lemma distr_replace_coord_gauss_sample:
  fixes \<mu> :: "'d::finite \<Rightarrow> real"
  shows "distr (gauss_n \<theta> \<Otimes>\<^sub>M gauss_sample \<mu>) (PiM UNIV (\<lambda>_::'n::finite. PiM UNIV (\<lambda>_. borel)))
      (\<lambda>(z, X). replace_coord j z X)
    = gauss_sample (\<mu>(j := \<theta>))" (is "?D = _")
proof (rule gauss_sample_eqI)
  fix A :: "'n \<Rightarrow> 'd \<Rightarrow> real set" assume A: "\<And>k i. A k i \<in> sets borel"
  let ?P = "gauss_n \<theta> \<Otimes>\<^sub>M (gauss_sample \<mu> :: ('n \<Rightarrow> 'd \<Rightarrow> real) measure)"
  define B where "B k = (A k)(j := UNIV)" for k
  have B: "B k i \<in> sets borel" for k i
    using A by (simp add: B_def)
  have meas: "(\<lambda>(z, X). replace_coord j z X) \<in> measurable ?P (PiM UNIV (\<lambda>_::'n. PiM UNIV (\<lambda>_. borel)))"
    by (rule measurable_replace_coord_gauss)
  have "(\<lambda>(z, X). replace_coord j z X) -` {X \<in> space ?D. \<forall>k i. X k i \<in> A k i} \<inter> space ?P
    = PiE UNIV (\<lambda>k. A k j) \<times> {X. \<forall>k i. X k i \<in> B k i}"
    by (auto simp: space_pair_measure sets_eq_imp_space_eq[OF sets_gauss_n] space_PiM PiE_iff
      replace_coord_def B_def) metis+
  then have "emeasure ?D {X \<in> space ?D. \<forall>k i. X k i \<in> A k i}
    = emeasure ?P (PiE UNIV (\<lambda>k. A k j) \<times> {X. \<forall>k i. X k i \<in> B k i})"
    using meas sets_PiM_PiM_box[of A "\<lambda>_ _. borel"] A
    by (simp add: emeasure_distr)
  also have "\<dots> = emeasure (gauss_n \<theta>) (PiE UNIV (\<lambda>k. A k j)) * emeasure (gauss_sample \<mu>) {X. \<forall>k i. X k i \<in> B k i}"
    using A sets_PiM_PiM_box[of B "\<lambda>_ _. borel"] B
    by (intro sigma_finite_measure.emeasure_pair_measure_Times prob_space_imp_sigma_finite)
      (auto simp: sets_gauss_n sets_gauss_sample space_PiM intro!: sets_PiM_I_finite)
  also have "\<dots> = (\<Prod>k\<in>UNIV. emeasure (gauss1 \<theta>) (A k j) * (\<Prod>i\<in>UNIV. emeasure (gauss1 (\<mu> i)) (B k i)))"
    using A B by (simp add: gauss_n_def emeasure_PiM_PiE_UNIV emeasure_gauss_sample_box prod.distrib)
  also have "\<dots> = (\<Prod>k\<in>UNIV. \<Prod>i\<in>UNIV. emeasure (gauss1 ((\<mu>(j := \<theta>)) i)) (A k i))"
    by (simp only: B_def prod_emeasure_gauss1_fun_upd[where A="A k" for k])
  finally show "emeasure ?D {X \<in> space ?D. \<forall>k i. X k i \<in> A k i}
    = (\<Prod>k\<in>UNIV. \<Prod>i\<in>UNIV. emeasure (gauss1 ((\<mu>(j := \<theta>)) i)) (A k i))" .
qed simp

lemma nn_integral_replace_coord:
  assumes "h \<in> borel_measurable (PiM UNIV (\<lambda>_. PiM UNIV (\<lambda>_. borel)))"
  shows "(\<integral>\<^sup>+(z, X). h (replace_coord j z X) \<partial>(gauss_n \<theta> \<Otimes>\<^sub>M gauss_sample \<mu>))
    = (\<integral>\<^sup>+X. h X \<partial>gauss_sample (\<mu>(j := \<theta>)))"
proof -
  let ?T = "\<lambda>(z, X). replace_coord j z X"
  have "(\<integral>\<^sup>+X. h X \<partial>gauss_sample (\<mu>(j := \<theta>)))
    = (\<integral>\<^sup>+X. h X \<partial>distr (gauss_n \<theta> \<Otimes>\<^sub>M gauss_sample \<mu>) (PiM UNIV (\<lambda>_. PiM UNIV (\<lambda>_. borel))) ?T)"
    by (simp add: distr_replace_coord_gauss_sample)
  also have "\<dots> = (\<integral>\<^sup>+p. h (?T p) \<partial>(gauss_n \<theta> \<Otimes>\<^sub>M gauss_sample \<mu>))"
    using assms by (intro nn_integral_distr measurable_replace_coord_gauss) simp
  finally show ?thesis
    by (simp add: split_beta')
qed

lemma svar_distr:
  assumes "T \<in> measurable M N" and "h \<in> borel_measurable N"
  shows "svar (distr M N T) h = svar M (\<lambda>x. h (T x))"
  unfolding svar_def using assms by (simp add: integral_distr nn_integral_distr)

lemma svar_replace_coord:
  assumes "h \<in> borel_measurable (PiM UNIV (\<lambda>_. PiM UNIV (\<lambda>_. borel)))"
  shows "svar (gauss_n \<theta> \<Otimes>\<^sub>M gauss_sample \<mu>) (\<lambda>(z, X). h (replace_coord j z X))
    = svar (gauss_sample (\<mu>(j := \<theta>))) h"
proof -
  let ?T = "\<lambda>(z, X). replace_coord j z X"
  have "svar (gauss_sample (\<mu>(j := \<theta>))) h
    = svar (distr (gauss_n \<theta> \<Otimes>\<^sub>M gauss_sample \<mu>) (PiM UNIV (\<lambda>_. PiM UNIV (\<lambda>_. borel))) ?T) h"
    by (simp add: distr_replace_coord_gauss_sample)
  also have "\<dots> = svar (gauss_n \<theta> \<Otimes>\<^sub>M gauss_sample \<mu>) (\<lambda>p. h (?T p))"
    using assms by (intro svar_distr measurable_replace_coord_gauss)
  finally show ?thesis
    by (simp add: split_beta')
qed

◆ ◆ ◆ ◆ ◆

Wherever the word "real" occurs in the data, copy that whole line.

  fixes \<mu> :: "'d::finite \<Rightarrow> real"
  fix A :: "'n \<Rightarrow> 'd \<Rightarrow> real set" assume A: "\<And>k i. A k i \<in> sets borel"
  let ?P = "gauss_n \<theta> \<Otimes>\<^sub>M (gauss_sample \<mu> :: ('n \<Rightarrow> 'd \<Rightarrow> real) measure)"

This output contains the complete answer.